Speaker
Description
A monolithic notion of Islamic science overlooks the shifting influence of intellectual centers, the true breadth of practices and motivations and, the diverse political and political-economic trajectories of Islamic empires. It also fails to capture the dynamics between Western and Islamic geographies. Although a sense of the Islamic world existed long before the nineteenth century, the notion of “Islamic science” is a product of the 19th and 20th centuries. It is inextricably linked to the imbalance of resources – including symbolic resources-, stemming from Western domination of the modern capitalist world system. Islamic science is a category fundamentally born of violence—a reflection of the profound asymmetries and injustices blanketing Islamic countries, rather than a perennial intellectual designation. While much contemporary scholarship on Islamic science serves the struggle to recuperate recognition at the symbolic level, this moral focus risks obscuring the long-standing patterns of domination, which lie not in science itself, but in the global economic shifts from the 17th century onward. Indeed, many of the observations on as well as frustrations with Western science that we find in nineteenth- or twentieth-century Muslim authors have much earlier precedents. Most importantly, while tensions between utilitarian and intellectualist interpretations of knowledge existed long before Western hegemony, Western dominance recalibrated their significance and outcomes. Thus, for many Muslim actors who confronted encroaching Western powers, science played an ambivalent role. For some, it was something to adopt as a pragmatic tool for advancement in areas like arms, public health, and industry. For others, science attached to moral ends rooted in older Aristotelian and Islamic legacies and in different economic conditions. This inherent duality—science as both the perceived fruit of wealth and the perceived locomotive of development—lies at the heart of modern debates surrounding Islamic science. Thus, I contend that the more profound historical divide isn't between Islamic science and Western science, but between utilitarian and intellectual interpretations of science as they were transformed by the pressures of the capitalist world system. I will follow medieval, early modern and modern examples of this rift to suggest that instead of talking about Islamic science, we may be better served by focusing on the shifting ends and means of science.
Short Biography
My first book Science without Leisure: Practical Naturalism in Istanbul, 1660-1732 (2019) explored the relationship between monetary inflation and natural knowledge in seventeenth-century Istanbul. My primary inspirations have been the materialist historiography of science, the emerging global history of early modern science and Pierre Bourdieu's Pascalian Meditations.

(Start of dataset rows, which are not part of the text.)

lemma funpow_rev_map_step:
  "length w \<le> k \<Longrightarrow> (rev_map_step \<phi> ^^ k) (prod_encode (list_encode w, list_encode u)) =
     prod_encode (0, list_encode (rev (map \<phi> w) @ u))"
proof (induction w arbitrary: k u)
  case Nil
  then show ?case by (induction k) (simp_all add: rev_map_step_Nil)
next
  case (Cons x w)
  then obtain k' where "k = Suc k'" "length w \<le> k'" by (cases k) auto
  with Cons.IH[of k' "\<phi> x # u"] show ?case
    by (simp only: funpow_Suc_right comp_apply rev_map_step_Cons) simp
qed

lemma recursive_rev_map_step:
  assumes "recursive 1 (\<lambda>ys. \<phi> (hd ys))" "recursive n a"
  shows "recursive n (\<lambda>xs. rev_map_step \<phi> (a xs))"
  unfolding rev_map_step_def Let_def
  by (intro recursive_if_zero recursive_fst_prod_decode recursive_snd_prod_decode recursive_prod_encode
      recursive_pred recursive_Suc recursive_comp1[OF assms(1)] assms(2))

lemma computable_word_rev_map:
  assumes "recursive 1 (\<lambda>ys. \<phi> (hd ys))"
  shows "computable_word (\<lambda>w. rev (map \<phi> w))"
proof -
  have "recursive 1 (\<lambda>ys. snd (prod_decode ((rev_map_step \<phi> ^^ hd ys) (prod_encode (hd ys, 0)))))"
    by (intro recursive_snd_prod_decode recursive_funpow recursive_rev_map_step[OF assms]
        recursive_prod_encode recursive_hd recursive_const)
  then obtain g where "total_recursive 1 g"
    "\<And>c. g [c] = snd (prod_decode ((rev_map_step \<phi> ^^ c) (prod_encode (c, 0))))"
    unfolding recursive_def by fastforce
  moreover have "snd (prod_decode ((rev_map_step \<phi> ^^ list_encode w) (prod_encode (list_encode w, 0))))
      = list_encode (rev (map \<phi> w))" for w
    using funpow_rev_map_step[OF length_le_list_encode, of w \<phi> "[]"] by simp
  ultimately show ?thesis
    unfolding computable_word_def by auto
qed

lemma computable_word_comp:
  assumes "computable_word h" "computable_word h'"
  shows "computable_word (h \<circ> h')"
proof -
  from assms obtain g g' where g: "total_recursive 1 g" "\<And>w. list_encode (h w) = g [list_encode w]"
    and g': "total_recursive 1 g'" "\<And>w. list_encode (h' w) = g' [list_encode w]"
    unfolding computable_word_def by blast
  have "total_recursive 1 (\<lambda>xs. g (map (\<lambda>f. f xs) [g']))"
    by (rule total_recursive.comp[OF g(1)]) (use g'(1) in simp_all)
  with g(2) g'(2) show ?thesis
    unfolding computable_word_def by (intro exI[of _ "\<lambda>xs. g [g' xs]"]) simp
qed

text \<open>Iterating \<open>rev_map_step\<close> moves the entries one by one from the front of the input onto an
  accumulator and thus reverses the list; a second pass with \<open>id\<close> undoes the reversal.\<close>
lemma computable_word_map:
  assumes "recursive 1 (\<lambda>ys. \<phi> (hd ys))"
  shows "computable_word (map \<phi>)"
proof -
  have "computable_word ((\<lambda>w. rev (map id w)) \<circ> (\<lambda>w. rev (map \<phi> w)))"
    by (intro computable_word_comp computable_word_rev_map assms) (simp only: id_apply recursive_hd)
  then show ?thesis by (simp add: o_def)
qed

lemma computable_pointwise:
  assumes "recursive 1 (\<lambda>ys. \<phi> (hd ys))"
  shows "computable (\<lambda>p. Some (\<lambda>n. \<phi> (p n)))"
  unfolding computable_def
  by (rule exI[of _ "map \<phi>"]) (auto simp: computable_word_map[OF assms] init_def)

lemma enumerate_UNIV_nat: "enumerate (UNIV :: nat set) n = n"
  by (induction n) (simp_all add: enumerate_0 enumerate_Suc'' Least_equality)

lemma completion_Suc: "completion \<delta> (\<lambda>n. Suc (q n)) = Some (\<delta> q)"
  by (simp add: completion_def minus1_def enumerate_UNIV_nat)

Currently, I am writing a short book, titled The Science that Historians Made, that deals with questions of scientific work, culturally specific and culturally non-specific features of science and the relationship between the twentieth century and the twenty first century.
I am also part of a research team that investigates notions of the natural and the supernatural in the Ottoman Empire. This is a multi-year project that has generous funding from the ERC.
Currently, I serve as the Faculty Director of the Penn's Middle East Center and am an elected member of History of Science Society's Council.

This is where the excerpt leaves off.